More About Adverbs

Upon request, this is another post on adverbs and verbs. Even if you’re good with the concept, this should still be pretty helpful.

Adverbs are words that end in -ly, right? Most of the time. Quickly, sadly, awfully, angrily, happily, softly, loudly. These are all adverbs. Well, imagine reading something like this:

Example: Slowly, he walked towards her. Although he was walking slowly, his thoughts were moving quickly through his mind. Was he making the right choice? He began walking faster, began walking briskly towards the girl. She was waiting for him, and as he drew nearer she began to call out to him softly.

Eek. Did you count the adverbs in that paragraph? There are five, if you count slowly twice. Doesn’t it sound cluttered? Too much -ly. If you’re still not sure, think about it again once you read this version:

Revised version: He walked towards her, lingering every so often along the way. Although he hesitated, thoughts raced through his mind like a speeding car. Was he making the right choice? He quickened his pace, now striding towards the girl. She was waiting for him, and as he drew nearer she called out softly.

You may have noticed that I didn’t just cut out the adverbs. I added some more words to make the writing flow. I also threw in a simile that wasn’t there before. Do you want to know why? Because once you cut out unnecessary adverbs, you have room to stick in similes and metaphors. They look and sound much better on the page than those clumsy adverbs do.

But sometimes you will not find a verb that can get rid of your adverb. And that’s okay. Obviously we have to use them sometimes. If you look at my example above, you can see that I left the adverb softly in there. That’s because I couldn’t find just one verb for that situation. And that’s what adverbs are for- for those times when they fit in just right and nothing else works.
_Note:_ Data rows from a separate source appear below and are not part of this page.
lemma nn_integral_distributed_indicator:
  fixes X :: "'a \<Rightarrow> real" and f g :: "real \<Rightarrow> real"
  assumes dist: "distributed M lborel X (\<lambda>x. ennreal (f x))" and f_nonneg: "\<And>x. 0 \<le> f x"
    and f_eq_0: "\<And>x. x \<notin> S \<Longrightarrow> f x = 0" and S: "S \<in> sets borel"
    and g: "g \<in> borel_measurable (restrict_space borel S)"
  shows "(\<integral>\<^sup>+\<omega>. ennreal (g (X \<omega>)) \<partial>M) = (\<integral>\<^sup>+x. ennreal (f x * g x) * indicator S x \<partial>lborel)"
proof -
  have [measurable]: "X \<in> borel_measurable M"
    using distributed_measurable[OF dist] by simp
  have meas: "(\<lambda>x. ennreal (g x) * indicator S x) \<in> borel_measurable lborel"
    using borel_measurable_ennreal_indicator[OF g S] by simp
  have "emeasure M (X -` (- S) \<inter> space M) = (\<integral>\<^sup>+x. ennreal (f x) * indicator (- S) x \<partial>lborel)"
    using S by (intro distributed_emeasure[OF dist]) auto
  also have "(\<lambda>x. ennreal (f x) * indicator (- S) x) = (\<lambda>x. 0)"
    using f_eq_0 by (auto simp: fun_eq_iff split: split_indicator)
  finally have "AE \<omega> in M. X \<omega> \<in> S"
    using S by (intro AE_I[where N="X -` (- S) \<inter> space M"]) auto
  then have "(\<integral>\<^sup>+\<omega>. ennreal (g (X \<omega>)) \<partial>M) = (\<integral>\<^sup>+\<omega>. ennreal (g (X \<omega>)) * indicator S (X \<omega>) \<partial>M)"
    by (intro nn_integral_cong_AE) auto
  also have "\<dots> = (\<integral>\<^sup>+x. ennreal (f x) * (ennreal (g x) * indicator S x) \<partial>lborel)"
    by (rule distributed_nn_integral[OF dist meas, symmetric])
  also have "\<dots> = (\<integral>\<^sup>+x. ennreal (f x * g x) * indicator S x \<partial>lborel)"
    by (simp add: ennreal_mult' f_nonneg mult.assoc)
  finally show ?thesis .
qed

section \<open>A weighted Poincare inequality\<close>

lemma interval_density_if_distributed:
  fixes f :: "real \<Rightarrow> real" and X :: "'a \<Rightarrow> real"
  assumes "prob_space M" and "distributed M lborel X (\<lambda>x. ennreal (f x))"
    and "\<And>x. x \<in> einterval a b \<Longrightarrow> 0 < f x" and "\<And>x. x \<notin> einterval a b \<Longrightarrow> f x = 0"
    and "\<And>c d. a < ereal c \<Longrightarrow> ereal d < b \<Longrightarrow> abs_cont_on f {c..d}"
  shows "interval_density a b f"
proof
  show "continuous_on (einterval a b) f"
    using assms(5)
    by (intro continuous_on_einterval_if_Icc) (auto simp: einterval_iff intro: abs_cont_on_imp_continuous_on)
  show "(\<integral>\<^sup>+x. ennreal (f x) \<partial>lborel) = 1"
    using distributed_emeasure[OF assms(2), of UNIV] prob_space.emeasure_space_1[OF assms(1)] by simp
qed (use assms(3,4) in auto)

lemma (in interval_density) nn_integral_abs_sub_expectation_powr_le_K_weight:
  fixes M :: "'a measure" and X :: "'a \<Rightarrow> real" and \<phi> :: "real \<Rightarrow> real" and s p :: real
  assumes "prob_space M" and dist: "distributed M lborel X (\<lambda>x. ennreal (f x))"
    and p: "1 \<le> p" and s: "s \<in> einterval a b" and smooth: "smooth_on \<phi> (einterval a b)"
    and "(\<lambda>\<omega>. \<phi> (X \<omega>)) \<in> borel_measurable M"
  shows "(\<integral>\<^sup>+\<omega>. ennreal (\<bar>\<phi> (X \<omega>) - (\<integral>\<omega>'. \<phi> (X \<omega>') \<partial>M)\<bar> powr p) \<partial>M)
         \<le> ennreal ((2 * p) powr p) *
           (\<integral>\<^sup>+\<omega>. ennreal (K_weight a f s (X \<omega>) powr p * \<bar>deriv \<phi> (X \<omega>)\<bar> powr p) \<partial>M)"
proof -
  interpret M: prob_space M
    by fact
  let ?I = "einterval a b"
  have [measurable]: "deriv \<phi> \<in> borel_measurable (restrict_space borel ?I)"
    "K_weight a f s \<in> borel_measurable (restrict_space borel ?I)"
    using borel_measurable_continuous_on_restrict[OF smooth_on_continuous_on_deriv[OF smooth]]
      borel_measurable_K_weight by auto
  have "continuous_on ?I \<phi>"
    using smooth_on_has_real_derivative[OF smooth]
    by (meson DERIV_continuous_on has_field_derivative_at_within)
  then have [measurable]: "\<phi> \<in> borel_measurable (restrict_space borel ?I)"
    by (rule borel_measurable_continuous_on_restrict)
  have "(\<integral>\<^sup>+\<omega>. ennreal (\<bar>\<phi> (X \<omega>) - (\<integral>\<omega>'. \<phi> (X \<omega>') \<partial>M)\<bar> powr p) \<partial>M)
      \<le> ennreal (2 powr p) * (\<integral>\<^sup>+\<omega>. ennreal (\<bar>\<phi> (X \<omega>) - \<phi> s\<bar> powr p) \<partial>M)"
    by (rule M.nn_integral_abs_sub_expectation_powr_le[OF assms(6) p])
  also have "(\<integral>\<^sup>+\<omega>. ennreal (\<bar>\<phi> (X \<omega>) - \<phi> s\<bar> powr p) \<partial>M)
      = (\<integral>\<^sup>+x. ennreal (f x * \<bar>\<phi> x - \<phi> s\<bar> powr p) * indicator ?I x \<partial>lborel)"
    by (intro nn_integral_distributed_indicator[OF dist f_nonneg f_eq_0]) auto
  also have "\<dots> \<le> ennreal (p powr p) *
      (\<integral>\<^sup>+x. ennreal (f x * (K_weight a f s x powr p * \<bar>deriv \<phi> x\<bar> powr p)) * indicator ?I x \<partial>lborel)"
    using smooth_on_has_real_derivative[OF smooth] smooth_on_continuous_on_deriv[OF smooth]
    by (rule Hardy_K_weight[OF p s])
  also have "(\<integral>\<^sup>+x. ennreal (f x * (K_weight a f s x powr p * \<bar>deriv \<phi> x\<bar> powr p)) * indicator ?I x \<partial>lborel)
      = (\<integral>\<^sup>+\<omega>. ennreal (K_weight a f s (X \<omega>) powr p * \<bar>deriv \<phi> (X \<omega>)\<bar> powr p) \<partial>M)"
    by (intro nn_integral_distributed_indicator[OF dist f_nonneg f_eq_0, symmetric]) auto
  finally show ?thesis
    using p by (simp add: powr_mult ennreal_mult mult.assoc mult_left_mono)
qed

theorem theorem4p1:
  fixes M :: "'a measure" and X :: "'a \<Rightarrow> real" and f :: "real \<Rightarrow> real"
    and a b :: ereal and xbar p :: real and \<phi> :: "real \<Rightarrow> real"
  assumes "prob_space M"
    and "a < b"
    and "distributed M lborel X (\<lambda>x. ennreal (f x))"
    and "\<forall>x. a < ereal x \<and> ereal x < b \<longrightarrow> f x > 0"
    and "\<forall>x. \<not> (a < ereal x \<and> ereal x < b) \<longrightarrow> f x = 0"
    and "\<forall>c d. a < ereal c \<and> ereal d < b \<longrightarrow> abs_cont_on f {c..d}"
    and "a < ereal xbar" and "ereal xbar < b" and "cdf_of a f xbar = 1/2"
    and "1 \<le> p"
    and "smooth_on \<phi> {x. a < ereal x \<and> ereal x < b}"
    and "(\<lambda>\<omega>. \<phi> (X \<omega>)) \<in> borel_measurable M"
    and "(\<integral>\<^sup>+\<omega>. ennreal (\<bar>\<phi> (X \<omega>)\<bar> powr p) \<partial>M) < \<infinity>"
  shows "(\<integral>\<^sup>+\<omega>. ennreal (\<bar>\<phi> (X \<omega>) - (\<integral>\<omega>'. \<phi> (X \<omega>') \<partial>M)\<bar> powr p) \<partial>M)
         \<le> ennreal ((2 * p) powr p) *
           (\<integral>\<^sup>+\<omega>. ennreal (K_weight a f xbar (X \<omega>) powr p * \<bar>deriv \<phi> (X \<omega>)\<bar> powr p) \<partial>M)"
proof -
  have I: "{x. a < ereal x \<and> ereal x < b} = einterval a b"
    by (simp add: einterval_def)
  have "interval_density a b f"
    using assms(1,3-6) by (intro interval_density_if_distributed) (auto simp: einterval_iff)
  then show ?thesis
    using assms(1,3,7,8,10,12) assms(11)[unfolded I]
    by (intro interval_density.nn_integral_abs_sub_expectation_powr_le_K_weight)
      (auto simp: einterval_iff)
qed

end
lemma order_complex_bypass_vertex:
  assumes "\<not> is_maximal_pt X x" "\<not> is_minimal_pt X x"
    and e: "edge_path (order_complex X) [u, x, w]" and "u \<noteq> x" "w \<noteq> x"
  shows "\<exists>m. ep_equiv (order_complex X) [u, x, w] m \<and> x \<notin> set m"
proof -
  let ?K = "order_complex X"
  have ux: "{u, x} \<in> ?K" and xw: "{x, w} \<in> ?K"
    using e unfolding edge_path_iff_successively by auto
  then have "x \<in> topspace X"
    unfolding order_complex_def by blast
  then obtain a b where a: "spec_le X a x" "a \<noteq> x" and b: "spec_le X x b" "b \<noteq> x"
    using assms(1,2) unfolding is_maximal_pt_def is_minimal_pt_def by blast
  have u: "spec_le X u x \<or> spec_le X x u"
    by (rule order_complex_edge_comparable[OF ux])
  have w: "spec_le X x w \<or> spec_le X w x"
    by (rule order_complex_edge_comparable[OF xw])
  \<comment> \<open>If \<open>u, x, w\<close> is a chain, \<open>c = u\<close> serves: the detour then merely drops \<open>x\<close>.\<close>
  have "\<exists>c. c \<noteq> x \<and> {u, c, x} \<in> ?K \<and> {c, x, w} \<in> ?K"
  proof -
    consider "spec_le X u x" "spec_le X x w" | "spec_le X x u" "spec_le X w x"
      | "spec_le X u x" "spec_le X w x" | "spec_le X x u" "spec_le X x w"
      using u w by blast
    then show ?thesis
    proof cases
      case 1
      then show ?thesis using \<open>u \<noteq> x\<close> ux order_complex_chain3 by fastforce
    next
      case 2
      then have "{u, x, w} \<in> ?K"
        using order_complex_chain3[of X w x u] by (simp add: insert_commute)
      then show ?thesis using \<open>u \<noteq> x\<close> ux by auto
    next
      case 3
      then show ?thesis
        using b order_complex_chain3[of X u x b] order_complex_chain3[of X w x b]
        by (metis insert_commute)
    next
      case 4
      then show ?thesis
        using a order_complex_chain3[of X a x u] order_complex_chain3[of X a x w]
        by (metis insert_commute)
    qed
  qed
  then obtain c where "c \<noteq> x" "{u, c, x} \<in> ?K" "{c, x, w} \<in> ?K"
    by blast
  then show ?thesis
    using ep_equiv_detour[OF face_closed_order_complex] \<open>u \<noteq> x\<close> \<open>w \<noteq> x\<close> by fastforce
qed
If you’re still having trouble deciding when to use adverbs and when not to, try using I always have it open on my computer whenever I’m writing anything. It’s very helpful. I just typed in “walk slowly” and it gave me synonyms!

I hope this was helpful and cleared up anything that wasn’t explained in the other adverb post. If you still have questions, leave them in a comment!

5 Replies to “More About Adverbs”

  1. Excellent examples and explanation. Clarifies things for us non-writers!!